I have this dataset :
> head(xc)
wheeze3 SmokingGroup_Kai TG2000 TG2012 PA_Score asthma3 tres3 age3 bmi bmi3
1 0 1 2 2 2 0 0 47 20.861 21.88708
2 0 5 2 3 3 0 0 57 20.449 23.05175
3 0 1 2 3 2 0 0 45 25.728 26.06168
4 0 2 1 1 3 0 0 48 22.039 23.50780
5 1 4 2 2 1 0 1 61 25.391 25.63692
6 0 4 2 2 2 0 0 54 21.633 23.66144
education3 group_change
1 2 0
2 2 3
3 3 3
4 3 0
5 1 0
6 2 0
Here
asthma3 is a variable that takes values 0,1 ;
group_change takes values 0,1,2,3,4,5,6 ;
age3 represents the age.
I would like to plot the percentage of people with asthma3==1 as a function of the variable age3.
I would like 6 lines on the same plot obtained dividing the samples by group_change.
I think that this should be possible using ggplot2.
Here's a ggplot2 approach:
library(ggplot2)
library(dplyr)
# Create fake data
set.seed(10)
xc=data.frame(age3=sample(40:50, 500, replace=TRUE),
asthma3=sample(0:1,500, replace=TRUE),
group_change=sample(0:6, 500, replace=TRUE))
# Summarize asthma percent by group_change and age3 (using dplyr)
xc1 = xc %.%
group_by(group_change, age3) %.%
summarize(asthma.pct=mean(asthma3)*100)
# Plot using ggplot2
ggplot(xc1, aes(x=age3, y=asthma.pct, colour=as.factor(group_change))) +
geom_line() +
geom_point() +
scale_x_continuous(breaks=40:50) +
xlab("Age") + ylab("Asthma Percent") +
scale_colour_discrete(name="Group Change")
Here's another ggplot2 approach that works directly with the original data frame and calculates the percentages on the fly. I've also formatted the y-axis in percent format.
library(scales) # Need this for "percent_format()"
ggplot(xc, aes(x=age3, y=asthma3, colour=as.factor(group_change))) +
stat_summary(fun.y=mean, geom='line') +
stat_summary(fun.y=mean, geom='point') +
scale_x_continuous(breaks=40:50) +
scale_y_continuous(labels=percent_format()) +
xlab("Age") + ylab("Asthma Percent") +
scale_colour_discrete(name="Group Change")
Here is one way using Stata. The example data has three groups.
The proportions are computed taking the mean of asthma3 which you identify as a binary variable.
clear all
set more off
*----- example data -----
set obs 500
set seed 135
gen age3 = floor((50-40+1)*runiform() + 40)
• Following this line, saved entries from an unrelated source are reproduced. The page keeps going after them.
lemma fin_wallet_W_of:
  assumes "finite_tokens (snd t)"
  shows "fin_wallet (W_of A t)"
proof -
  have "{\<tau>. W_of A t \<tau> \<noteq> 0} \<subseteq> snd ` {(a, \<tau>). snd t a \<tau> \<noteq> 0}"
  proof
    fix \<tau> assume "\<tau> \<in> {\<tau>. W_of A t \<tau> \<noteq> 0}"
    then have "{a\<in>A. snd t a \<tau> \<noteq> 0} \<noteq> {}" unfolding W_of_def by force
    then obtain a where "snd t a \<tau> \<noteq> 0" by blast
    then show "\<tau> \<in> snd ` {(a, \<tau>). snd t a \<tau> \<noteq> 0}" by (intro rev_image_eqI[of "(a, \<tau>)"]) auto
  qed
  with assms show ?thesis
    unfolding fin_wallet_def finite_tokens_def by (rule finite_surj)
qed

lemma W_of_UNIV_split:
  assumes "finite_tokens (snd t)"
  shows "W_of UNIV t = (\<lambda>\<tau>. W_of A t \<tau> + W_of (- A) t \<tau>)"
proof
  fix \<tau>
  have "{a. snd t a \<tau> \<noteq> 0} \<subseteq> fst ` {(a, \<tau>). snd t a \<tau> \<noteq> 0}" by force
  with assms have fin: "finite {a. snd t a \<tau> \<noteq> 0}"
    unfolding finite_tokens_def by (rule finite_surj)
  have split: "{a\<in>UNIV. snd t a \<tau> \<noteq> 0} = {a\<in>A. snd t a \<tau> \<noteq> 0} \<union> {a\<in>- A. snd t a \<tau> \<noteq> 0}"
    by blast
  have "finite {a\<in>A. snd t a \<tau> \<noteq> 0}" "finite {a\<in>- A. snd t a \<tau> \<noteq> 0}"
    using fin by (rule rev_finite_subset, blast)+
  then show "W_of UNIV t \<tau> = W_of A t \<tau> + W_of (- A) t \<tau>"
    unfolding W_of_def split by (rule sum.union_disjoint) blast
qed

lemma wealth_le_wealth_UNIV:
  assumes "finite_tokens (snd t)" "wealth_fn val"
  shows "wealth val A t \<le> wealth val UNIV t"
proof -
  have "val (W_of UNIV t) = val (W_of A t) + val (W_of (- A) t)"
    using assms fin_wallet_W_of unfolding W_of_UNIV_split[OF assms(1), of A] wealth_fn_def by blast
  then show ?thesis unfolding wealth_def by simp
qed

lemma gains_bounded:
  assumes "wf_contract step S0" "wealth_fn val" "bounded_contract val step S0"
    and "s \<in> reachable step S0"
  obtains n :: nat where "\<And>ys. gain val step A s ys \<in> {- int (wealth val A s) .. int n}"
proof -
  obtain s0 where s0: "s0 \<in> S0" "s \<in> reachable_from step s0"
    using assms(4) unfolding reachable_def by blast
  obtain n :: nat where n: "\<And>t. t \<in> reachable_from step s0 \<Longrightarrow> wealth val UNIV t < n"
    using assms(3) s0(1) unfolding bounded_contract_def by blast
  have "gain val step A s ys \<in> {- int (wealth val A s) .. int n}" for ys
  proof -
    let ?t = "exec step s ys"
    have t: "?t \<in> reachable_from step s0" by (rule exec_reachable_from[OF s0(2)])
    have "wealth val A ?t \<le> wealth val UNIV ?t"
      by (rule wealth_le_wealth_UNIV[OF finite_tokens_reachable_from[OF assms(1) s0(1) t] assms(2)])
    with n[OF t] show ?thesis unfolding gain_def by auto
  qed
  then show ?thesis by (rule that)
qed

lemma Max_eq_Max_if_subset:
  fixes S T :: "'a::linorder set"
  assumes "finite T" "S \<subseteq> T" "Max T \<in> S"
  shows "Max S = Max T"
proof (rule Max_eqI)
  show "finite S" using assms(1,2) by (rule rev_finite_subset)
  show "y \<le> Max T" if "y \<in> S" for y using assms that by auto
qed (fact assms(3))

lemma maxi_eq_Max:
  assumes "finite S" "S \<noteq> {}"
  shows "maxi S = Max S"
  unfolding maxi_def by (rule Greatest_equality) (use assms in auto)

theorem mainTheorem14:
  fixes val :: "('t \<Rightarrow> nat) \<Rightarrow> nat"
    and step :: "('c,'a::countable,'t) bstate \<Rightarrow> 'x \<Rightarrow> ('c,'a,'t) bstate option"
    and S0 :: "('c,'a,'t) bstate set"
    and \<kappa> :: "'a set \<Rightarrow> 'x set \<Rightarrow> 'x set"
  assumes "infinite (UNIV :: 'a set)"
    and "wf_contract step S0"
    and "wealth_fn val"
    and "deducibility \<kappa>"
    and "bounded_contract val step S0"
    and "s \<in> reachable step S0"
  shows "\<exists>P0. finite P0 \<and> P0 \<subseteq> P \<and> MEV val step \<kappa> A s P0 = MEV val step \<kappa> A s P"
proof -
  have mono: "\<And>X Y. X \<subseteq> Y \<Longrightarrow> \<kappa> A X \<subseteq> \<kappa> A Y"
    and cont: "\<And>C. C \<noteq> {} \<Longrightarrow> Complete_Partial_Order.chain (\<subseteq>) C \<Longrightarrow> \<kappa> A (\<Union>C) = (\<Union>X\<in>C. \<kappa> A X)"
    using assms(4) unfolding deducibility_def by (simp_all add: subset_refl)
  define G where "G Q = {xG val step \<kappa> A s ys | ys. ys \<in> lists (\<kappa> A Q)}" for Q
  obtain n where "\<And>ys. gain val step A s ys \<in> {- int (wealth val A s) .. int n}"
    using gains_bounded[OF assms(2,3,5,6), where A = A] by blast
  then have "G Q \<subseteq> (\<lambda>g. g - uG val step \<kappa> A s) ` {- int (wealth val A s) .. int n}" for Q
    unfolding G_def xG_def by blast
  then have fin: "finite (G Q)" for Q by (rule finite_subset) simp
  have ne: "G Q \<noteq> {}" for Q unfolding G_def by (auto intro: exI[of _ "[]"])
  obtain ys where ys: "ys \<in> lists (\<kappa> A P)" "Max (G P) = xG val step \<kappa> A s ys"
    using Max_in[OF fin ne] unfolding G_def by blast
  obtain P0 where P0: "finite P0" "P0 \<subseteq> P" "ys \<in> lists (\<kappa> A P0)"
    using lists_finitary[OF mono chain_continuous_imp_finitary[OF cont] ys(1)] by blast
  have "G P0 \<subseteq> G P" unfolding G_def using mono[OF P0(2)] by (auto intro: lists_mono)
  moreover have "Max (G P) \<in> G P0" using P0(3) ys(2) unfolding G_def by blast
  ultimately have "Max (G P0) = Max (G P)" by (rule Max_eq_Max_if_subset[OF fin])
  moreover have "MEV val step \<kappa> A s Q = Max (G Q)" for Q
    unfolding MEV_def G_def[symmetric] by (rule maxi_eq_Max[OF fin ne])
  ultimately have "MEV val step \<kappa> A s P0 = MEV val step \<kappa> A s P" by simp
  with P0(1,2) show ?thesis by blast
qed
gen asthma3 = round(runiform())
egen group_change = seq(), to(3)
*----- pretty list -----
order age3 group_change
sort age3 group_change asthma3
list, sepby(age3)
*----- compute proportions -----
collapse (mean) asthma3, by(age3 group_change)
list
*----- syntax for graph and graph -----
levelsof(group_change), local(gc)
local i = 1
foreach g of local gc {
local call `call' || connected asthma3 age3 if group_change == `g', sort
local leg `leg' label(`i++' "Group`g'") // syntax for legend
}
twoway `call' legend(`leg') /// graph
title("Proportion with asthma by group")
This coincides with one of my first questions in Statalist. In Nick's words, you "build up the syntax" using a local macro and then feed that to twoway.
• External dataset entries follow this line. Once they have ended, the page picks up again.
text \<open>
  Write a = phi 0 and V = span {phi 1, ..., phi n}. Euler's relation gives D2 F x x = 0,
  so for x = p - a the term D2 F x p q equals D2 F x a q; as D2 F is homogeneous of
  degree -1, rescaling x to the level set F = 1 turns the left-hand side into D2 F y a q
  with y = u - s a, u in V and s = 1 / F x. The symmetry makes F even along every line
  u + t a (u in V), so D1 F . a vanishes on V and hence D2 F u a q = 0 for q in V.
  If F u \<ge> 1/2 the segment from u to y stays in the compact annulus 1/2 \<le> F \<le> 1, and
  the mean value theorem with a bound on D3 F there gives |D2 F y a q| \<le> K s |q|.
  Otherwise 1 \<le> F u + s F (-a) forces s \<ge> 1 / (2 F (-a)), and a bound on D2 F over the
  annulus suffices. Finally |q| \<le> F q / m.
\<close>

lemma C3_on_has_derivative_D1:
  assumes "C3_on S F" "x \<in> S"
  shows "(F has_derivative D1 F x) (at x)"
  using assms unfolding C3_on_def D1_def
  by (auto intro!: frechet_derivative_works[THEN iffD1] ext)

lemma C3_on_has_derivative_D2:
  assumes "C3_on S F" "x \<in> S"
  shows "((\<lambda>y. D1 F y u) has_derivative D2 F x u) (at x)"
  using assms unfolding C3_on_def D2_def
  by (auto intro!: frechet_derivative_works[THEN iffD1] ext)

lemma C3_on_has_derivative_D3:
  assumes "C3_on S F" "x \<in> S"
  shows "((\<lambda>y. D2 F y u v) has_derivative D3 F x u v) (at x)"
  using assms unfolding C3_on_def D3_def
  by (auto intro!: frechet_derivative_works[THEN iffD1] ext)

lemma linear_D1: "C3_on S F \<Longrightarrow> x \<in> S \<Longrightarrow> linear (D1 F x)"
  using C3_on_has_derivative_D1 has_derivative_linear by blast

lemma linear_D2: "C3_on S F \<Longrightarrow> x \<in> S \<Longrightarrow> linear (D2 F x u)"
  using C3_on_has_derivative_D2 has_derivative_linear by blast

lemma continuous_on_D2: "C3_on S F \<Longrightarrow> continuous_on S (\<lambda>y. D2 F y u v)"
  using C3_on_has_derivative_D3 has_derivative_continuous
  by (blast intro: continuous_at_imp_continuous_on)

lemma continuous_on_D3: "C3_on S F \<Longrightarrow> continuous_on S (\<lambda>y. D3 F y u v w)"
  unfolding C3_on_def by blast

lemma linear_has_derivative_param:
  assumes "open S" "x \<in> S" "\<And>y. y \<in> S \<Longrightarrow> linear (f y)"
    and der: "\<And>q. ((\<lambda>y. f y q) has_derivative g q) (at x)"
  shows "linear (\<lambda>q. g q v)"
proof (rule linearI)
  fix q r :: 'b and c :: real
  have "((\<lambda>y. f y (q + r)) has_derivative (\<lambda>h. g q h + g r h)) (at x)"
    using has_derivative_add[OF der[of q] der[of r]]
    by (rule has_derivative_transform_within_open[OF _ assms(1,2)])
       (simp add: assms(3) linear_add)
  from has_derivative_unique[OF der this] show "g (q + r) v = g q v + g r v" by metis
  have "((\<lambda>y. f y (c *\<^sub>R q)) has_derivative (\<lambda>h. c *\<^sub>R g q h)) (at x)"
    using has_derivative_scaleR_right[OF der[of q], of c]
    by (rule has_derivative_transform_within_open[OF _ assms(1,2)])
       (simp add: assms(3) linear_scale)
  from has_derivative_unique[OF der this] show "g (c *\<^sub>R q) v = c *\<^sub>R g q v" by simp
qed

lemma linear_D2_first:
  "C3_on S F \<Longrightarrow> x \<in> S \<Longrightarrow> linear (\<lambda>u. D2 F x u v)"
  by (rule linear_has_derivative_param[where f = "D1 F"])
     (auto simp: C3_on_def intro: linear_D1 C3_on_has_derivative_D2)

lemma linear_D3_second:
  "C3_on S F \<Longrightarrow> x \<in> S \<Longrightarrow> linear (\<lambda>q. D3 F x w q v)"
  by (rule linear_has_derivative_param[where f = "\<lambda>y. D2 F y w"])
     (auto simp: C3_on_def intro: linear_D2 C3_on_has_derivative_D3)

lemma linear_real_basis_expansion:
  fixes f :: "'a::euclidean_space \<Rightarrow> real"
  shows "linear f \<Longrightarrow> f x = (\<Sum>b\<in>Basis. (x \<bullet> b) * f b)"
  using Linear_Algebra.linear_componentwise[of f x 1] by simp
#NickCox, in a comment, suggests an alternative:
<snip>
*----- compute proportions -----
collapse (mean) asthma3, by(age3 group_change)
list
*----- graph -----
separate asthma3, by(group_change) veryshortlabel
twoway connected asthma31-asthma33 age3, sort ///
title("Proportion with asthma by group")
<snip>
This second alternative creates new variables from the original asthma3 which I abbreviate in the call to twoway connected as asthma31-asthma33.
Both alternatives produce a legend identifying groups. Labels I leave to you (see help graph).